EXERCISE GOAL - Under this line are the records; write out word for word the part that begins at the line containing "then show ?thesis by simp" and ends at the line containing "by (cases k) (auto simp: arr1_def)", and no more.

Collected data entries
━━━━

text \<open>
A ReLU network of architecture (n0, n1, ..., nm, 1) with input space real^'n
(so n0 = CARD('n)) is given by
 - widths  n :: nat => nat  (n i = width of layer i, for 1 <= i <= m+1; n (m+1) = 1),
 - first-layer weights  w1 j :: real^'n  and biases  b 1 j  (j < n 1),
 - for layers 2 <= i <= m+1: weights  W i j l  (j < n i, l < n (i-1)) and biases  b i j.
Neurons are indexed from 0, i.e. j < n i.  Hidden layer values are represented as
functions nat => real which vanish outside {..< n i}.
\<close>

text \<open>Pre-activation of neuron j in layer i, i.e. the node map F_ij = pi_j o A_i o F_(i-1).\<close>
fun node :: "(nat \<Rightarrow> real^'n) \<Rightarrow> (nat \<Rightarrow> nat \<Rightarrow> nat \<Rightarrow> real) \<Rightarrow> (nat \<Rightarrow> nat \<Rightarrow> real)
    \<Rightarrow> (nat \<Rightarrow> nat) \<Rightarrow> nat \<Rightarrow> nat \<Rightarrow> real^'n \<Rightarrow> real" where
  "node w1 W b n 0 j x = 0"
| "node w1 W b n (Suc 0) j x = w1 j \<bullet> x + b 1 j"
| "node w1 W b n (Suc (Suc i)) j x =
     (\<Sum>l<n (Suc i). W (Suc (Suc i)) j l * max 0 (node w1 W b n (Suc i) l x)) + b (Suc (Suc i)) j"

definition hid :: "(nat \<Rightarrow> real^'n) \<Rightarrow> (nat \<Rightarrow> nat \<Rightarrow> nat \<Rightarrow> real) \<Rightarrow> (nat \<Rightarrow> nat \<Rightarrow> real)
    \<Rightarrow> (nat \<Rightarrow> nat) \<Rightarrow> nat \<Rightarrow> real^'n \<Rightarrow> (nat \<Rightarrow> real)" where
  "hid w1 W b n k x = (\<lambda>l. if l < n k then max 0 (node w1 W b n k l x) else 0)"

definition scond :: "int \<Rightarrow> real \<Rightarrow> bool" where
  "scond s t = (if s = 0 then t = 0 else if s > 0 then t \<ge> 0 else t \<le> 0)"

definition arr1 :: "(nat \<Rightarrow> real^'n) \<Rightarrow> (nat \<Rightarrow> nat \<Rightarrow> real) \<Rightarrow> (nat \<Rightarrow> nat) \<Rightarrow> (real^'n) set set" where
  "arr1 w1 b n = {R. \<exists>\<sigma>. (\<forall>j<n 1. \<sigma> j \<in> {-1, 0, 1}) \<and>
       R = {x. \<forall>j<n 1. scond (\<sigma> j) (w1 j \<bullet> x + b 1 j)} \<and> R \<noteq> {}}"

definition arrk :: "(nat \<Rightarrow> nat \<Rightarrow> nat \<Rightarrow> real) \<Rightarrow> (nat \<Rightarrow> nat \<Rightarrow> real) \<Rightarrow> (nat \<Rightarrow> nat) \<Rightarrow> nat
    \<Rightarrow> (nat \<Rightarrow> real) set set" where
  "arrk W b n k = {R. \<exists>\<sigma>. (\<forall>j<n k. \<sigma> j \<in> {-1, 0, 1}) \<and>
       R = {y. (\<forall>l. n (k - 1) \<le> l \<longrightarrow> y l = 0) \<and>
               (\<forall>j<n k. scond (\<sigma> j) ((\<Sum>l<n (k - 1). W k j l * y l) + b k j))} \<and> R \<noteq> {}}"

fun canon :: "(nat \<Rightarrow> real^'n) \<Rightarrow> (nat \<Rightarrow> nat \<Rightarrow> nat \<Rightarrow> real) \<Rightarrow> (nat \<Rightarrow> nat \<Rightarrow> real)
    \<Rightarrow> (nat \<Rightarrow> nat) \<Rightarrow> nat \<Rightarrow> (real^'n) set set" where
  "canon w1 W b n 0 = {UNIV}"
| "canon w1 W b n (Suc 0) = arr1 w1 b n"
| "canon w1 W b n (Suc (Suc k)) =
     {D. \<exists>C R. C \<in> canon w1 W b n (Suc k) \<and> R \<in> arrk W b n (Suc (Suc k)) \<and>
            D = C \<inter> hid w1 W b n (Suc k) -` R \<and> D \<noteq> {}}"

definition signseq :: "(nat \<Rightarrow> real^'n) \<Rightarrow> (nat \<Rightarrow> nat \<Rightarrow> nat \<Rightarrow> real) \<Rightarrow> (nat \<Rightarrow> nat \<Rightarrow> real)
    \<Rightarrow> (nat \<Rightarrow> nat) \<Rightarrow> nat \<Rightarrow> (real^'n) set \<Rightarrow> nat \<times> nat \<Rightarrow> real" where
  "signseq w1 W b n m C = (\<lambda>(i, j). if 1 \<le> i \<and> i \<le> Suc m \<and> j < n i
       then sgn (node w1 W b n i j (SOME x. x \<in> rel_interior C)) else 0)"

end

theory Submission
  imports Defs
begin

text \<open>
  Every cell of the canonical complex is a sign cell: the set of inputs at which each node
  map F_ij, up to the current layer, has a prescribed weak sign (>= 0, <= 0 or = 0).
  On a sign cell all ReLUs act linearly, so every node map is affine along segments of the
  cell; in particular the cell is convex. A function that is affine along segments and of
  constant weak sign on a convex set, and vanishes at one relative interior point, vanishes
  on the whole set. Hence the signs of the node maps are constant on the relative interior,
  and the cell is recovered as the sign cell of these signs, which gives injectivity.
\<close>

definition sign_cell :: "(nat \<Rightarrow> real^'n) \<Rightarrow> (nat \<Rightarrow> nat \<Rightarrow> nat \<Rightarrow> real) \<Rightarrow> (nat \<Rightarrow> nat \<Rightarrow> real)
    \<Rightarrow> (nat \<Rightarrow> nat) \<Rightarrow> nat \<Rightarrow> (nat \<Rightarrow> nat \<Rightarrow> int) \<Rightarrow> (real^'n) set" where
  "sign_cell w1 W b n k \<sigma> =
     {x. \<forall>i\<in>{1..k}. \<forall>j<n i. scond (\<sigma> i j) (node w1 W b n i j x)}"

definition sign_pattern :: "(nat \<Rightarrow> real^'n) \<Rightarrow> (nat \<Rightarrow> nat \<Rightarrow> nat \<Rightarrow> real) \<Rightarrow> (nat \<Rightarrow> nat \<Rightarrow> real)
    \<Rightarrow> (nat \<Rightarrow> nat) \<Rightarrow> real^'n \<Rightarrow> nat \<Rightarrow> nat \<Rightarrow> int" where
  "sign_pattern w1 W b n x = (\<lambda>i j. \<lfloor>sgn (node w1 W b n i j x)\<rfloor>)"

lemma scond_mult_nonneg: "scond s a \<Longrightarrow> scond s c \<Longrightarrow> 0 \<le> a * c"
  by (auto simp: scond_def zero_le_mult_iff split: if_splits)

lemma scond_convex_combination:
  fixes a c t :: real
  assumes "scond s a" "scond s c" "0 \<le> t" "t \<le> 1"
  shows "scond s ((1 - t) * a + t * c)"
  using assms by (auto simp: scond_def add_nonpos_nonpos mult_nonneg_nonpos)

lemma scond_floor_sgn:
  assumes "scond s a"
  shows "scond \<lfloor>sgn a\<rfloor> c \<longleftrightarrow> scond s c \<and> (a = 0 \<longrightarrow> c = 0)"
  using assms by (auto simp: scond_def sgn_if floor_minus)

lemma max_0_convex_combination:
  fixes a c t :: real
  assumes "0 \<le> a * c" "0 \<le> t" "t \<le> 1"
  shows "max 0 ((1 - t) * a + t * c) = (1 - t) * max 0 a + t * max 0 c"
proof -
  have "0 \<le> a \<and> 0 \<le> c \<or> a \<le> 0 \<and> c \<le> 0"
    using assms(1) by (auto simp: zero_le_mult_iff)
  then show ?thesis
    using assms(2,3) by (auto simp: add_nonpos_nonpos mult_nonneg_nonpos)
qed

lemma zero_at_rel_interior_spreads:
  fixes f :: "'a::euclidean_space \<Rightarrow> real"
  assumes "convex C" and x0: "x0 \<in> rel_interior C" and y: "y \<in> C" and "f x0 = 0"
    and affine: "\<And>u v t. u \<in> C \<Longrightarrow> v \<in> C \<Longrightarrow> 0 \<le> t \<Longrightarrow> t \<le> 1
                   \<Longrightarrow> f ((1 - t) *\<^sub>R u + t *\<^sub>R v) = (1 - t) * f u + t * f v"
    and same_sign: "\<And>u v. u \<in> C \<Longrightarrow> v \<in> C \<Longrightarrow> 0 \<le> f u * f v"
  shows "f y = 0"
proof -
  txt \<open>x0 is a proper convex combination of y and a point p of C beyond x0.\<close>
  obtain e where e: "e > 1" and "(1 - e) *\<^sub>R y + e *\<^sub>R x0 \<in> C"
    using convex_rel_interior_if2[OF \<open>convex C\<close> x0, rule_format, OF hull_inc[OF y]] by blast
  moreover define p where "p = (1 - e) *\<^sub>R y + e *\<^sub>R x0"
  ultimately have p: "p \<in> C" by simp
  define t where "t = 1 / e"
  have t: "0 < t" "t < 1" using e by (auto simp: t_def)
  have "(1 - t) *\<^sub>R y + t *\<^sub>R p = ((1 - t) + t * (1 - e)) *\<^sub>R y + (t * e) *\<^sub>R x0"
    by (simp add: p_def algebra_simps)
  also have "\<dots> = x0" using e by (simp add: t_def field_simps)
  finally have "f x0 = (1 - t) * f y + t * f p"
    using affine[OF y p] t by (metis less_imp_le)
  then have "(1 - t) * f y + t * f p = 0" using \<open>f x0 = 0\<close> by simp
  then have "(1 - t) * (f y * f y) + t * (f y * f p) = 0"
    by (metis distrib_left mult.left_commute mult_zero_right)
  moreover have "0 \<le> t * (f y * f p)"
    using same_sign[OF y p] t by simp
  ultimately have "(1 - t) * (f y * f y) \<le> 0" by linarith
  then have "f y * f y \<le> 0" using t by (simp add: mult_le_0_iff)
  then have "f y * f y = 0" using zero_le_square[of "f y"] by linarith
  then show ?thesis by simp
qed

lemma node_Suc_Suc_hid:
  "node w1 W b n (Suc (Suc k)) j x
     = (\<Sum>l<n (Suc k). W (Suc (Suc k)) j l * hid w1 W b n (Suc k) x l) + b (Suc (Suc k)) j"
  by (auto simp: hid_def intro: sum.cong)

lemma sign_cellD:
  "x \<in> sign_cell w1 W b n k \<sigma> \<Longrightarrow> i \<in> {1..k} \<Longrightarrow> j < n i
     \<Longrightarrow> scond (\<sigma> i j) (node w1 W b n i j x)"
  by (simp add: sign_cell_def)

lemma sign_cell_Suc:
  "sign_cell w1 W b n (Suc k) \<sigma> = sign_cell w1 W b n k \<sigma> \<inter>
     {x. \<forall>j<n (Suc k). scond (\<sigma> (Suc k) j) (node w1 W b n (Suc k) j x)}"
  by (auto simp: sign_cell_def atLeastAtMostSuc_conv simp del: node.simps)

lemma sign_cell_fun_upd_above: "k < i \<Longrightarrow> sign_cell w1 W b n k (\<sigma>(i := \<tau>)) = sign_cell w1 W b n k \<sigma>"
  by (auto simp: sign_cell_def simp del: node.simps)

lemma sign_cell_cong:
  "(\<And>i j. i \<in> {1..k} \<Longrightarrow> j < n i \<Longrightarrow> \<sigma> i j = \<tau> i j)
     \<Longrightarrow> sign_cell w1 W b n k \<sigma> = sign_cell w1 W b n k \<tau>"
  by (auto simp: sign_cell_def simp del: node.simps)

lemma canon_nonempty: "D \<in> canon w1 W b n (Suc k) \<Longrightarrow> D \<noteq> {}"
  by (cases k) (auto simp: arr1_def)

lemma canon_eq_sign_cell: "D \<in> canon w1 W b n (Suc k) \<Longrightarrow> \<exists>\<sigma>. D = sign_cell w1 W b n (Suc k) \<sigma>"
proof (induction k arbitrary: D)
  case 0
  then obtain \<sigma> where "D = {x. \<forall>j<n 1. scond (\<sigma> j) (w1 j \<bullet> x + b 1 j)}"
    by (auto simp: arr1_def)
  then have "D = sign_cell w1 W b n 1 (\<lambda>_. \<sigma>)"
    by (auto simp: sign_cell_def)
  then show ?case by auto
next
  case (Suc k)
  then obtain C R where C: "C \<in> canon w1 W b n (Suc k)" and R: "R \<in> arrk W b n (Suc (Suc k))"
    and D: "D = C \<inter> hid w1 W b n (Suc k) -` R" by auto
  obtain \<sigma> where C_eq: "C = sign_cell w1 W b n (Suc k) \<sigma>" using Suc.IH[OF C] by blast
  obtain \<sigma>' where R_eq: "R = {y. (\<forall>l. n (Suc k) \<le> l \<longrightarrow> y l = 0) \<and>
      (\<forall>j<n (Suc (Suc k)). scond (\<sigma>' j) ((\<Sum>l<n (Suc k). W (Suc (Suc k)) j l * y l) + b (Suc (Suc k)) j))}"
    using R by (auto simp: arrk_def)
  have "hid w1 W b n (Suc k) x \<in> R \<longleftrightarrow>
      (\<forall>j<n (Suc (Suc k)). scond (\<sigma>' j) (node w1 W b n (Suc (Suc k)) j x))" for x
    unfolding R_eq node_Suc_Suc_hid by (simp add: hid_def)
  then have "D = sign_cell w1 W b n (Suc k) \<sigma> \<inter>
      {x. \<forall>j<n (Suc (Suc k)). scond (\<sigma>' j) (node w1 W b n (Suc (Suc k)) j x)}"
    unfolding D C_eq by (auto simp del: node.simps)
  also have "\<dots> = sign_cell w1 W b n (Suc (Suc k)) (\<sigma>(Suc (Suc k) := \<sigma>'))"
    by (simp add: sign_cell_Suc[where k = "Suc k"] sign_cell_fun_upd_above del: node.simps)
  finally show ?case by blast
qed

━━━━

REPLY TO THE TASK -
  then show ?thesis by simp
qed

lemma node_Suc_Suc_hid:
  "node w1 W b n (Suc (Suc k)) j x
     = (\<Sum>l<n (Suc k). W (Suc (Suc k)) j l * hid w1 W b n (Suc k) x l) + b (Suc (Suc k)) j"
  by (auto simp: hid_def intro: sum.cong)

lemma sign_cellD:
  "x \<in> sign_cell w1 W b n k \<sigma> \<Longrightarrow> i \<in> {1..k} \<Longrightarrow> j < n i
     \<Longrightarrow> scond (\<sigma> i j) (node w1 W b n i j x)"
  by (simp add: sign_cell_def)

lemma sign_cell_Suc:
  "sign_cell w1 W b n (Suc k) \<sigma> = sign_cell w1 W b n k \<sigma> \<inter>
     {x. \<forall>j<n (Suc k). scond (\<sigma> (Suc k) j) (node w1 W b n (Suc k) j x)}"
  by (auto simp: sign_cell_def atLeastAtMostSuc_conv simp del: node.simps)

lemma sign_cell_fun_upd_above: "k < i \<Longrightarrow> sign_cell w1 W b n k (\<sigma>(i := \<tau>)) = sign_cell w1 W b n k \<sigma>"
  by (auto simp: sign_cell_def simp del: node.simps)

lemma sign_cell_cong:
  "(\<And>i j. i \<in> {1..k} \<Longrightarrow> j < n i \<Longrightarrow> \<sigma> i j = \<tau> i j)
     \<Longrightarrow> sign_cell w1 W b n k \<sigma> = sign_cell w1 W b n k \<tau>"
  by (auto simp: sign_cell_def simp del: node.simps)

lemma canon_nonempty: "D \<in> canon w1 W b n (Suc k) \<Longrightarrow> D \<noteq> {}"
  by (cases k) (auto simp: arr1_def)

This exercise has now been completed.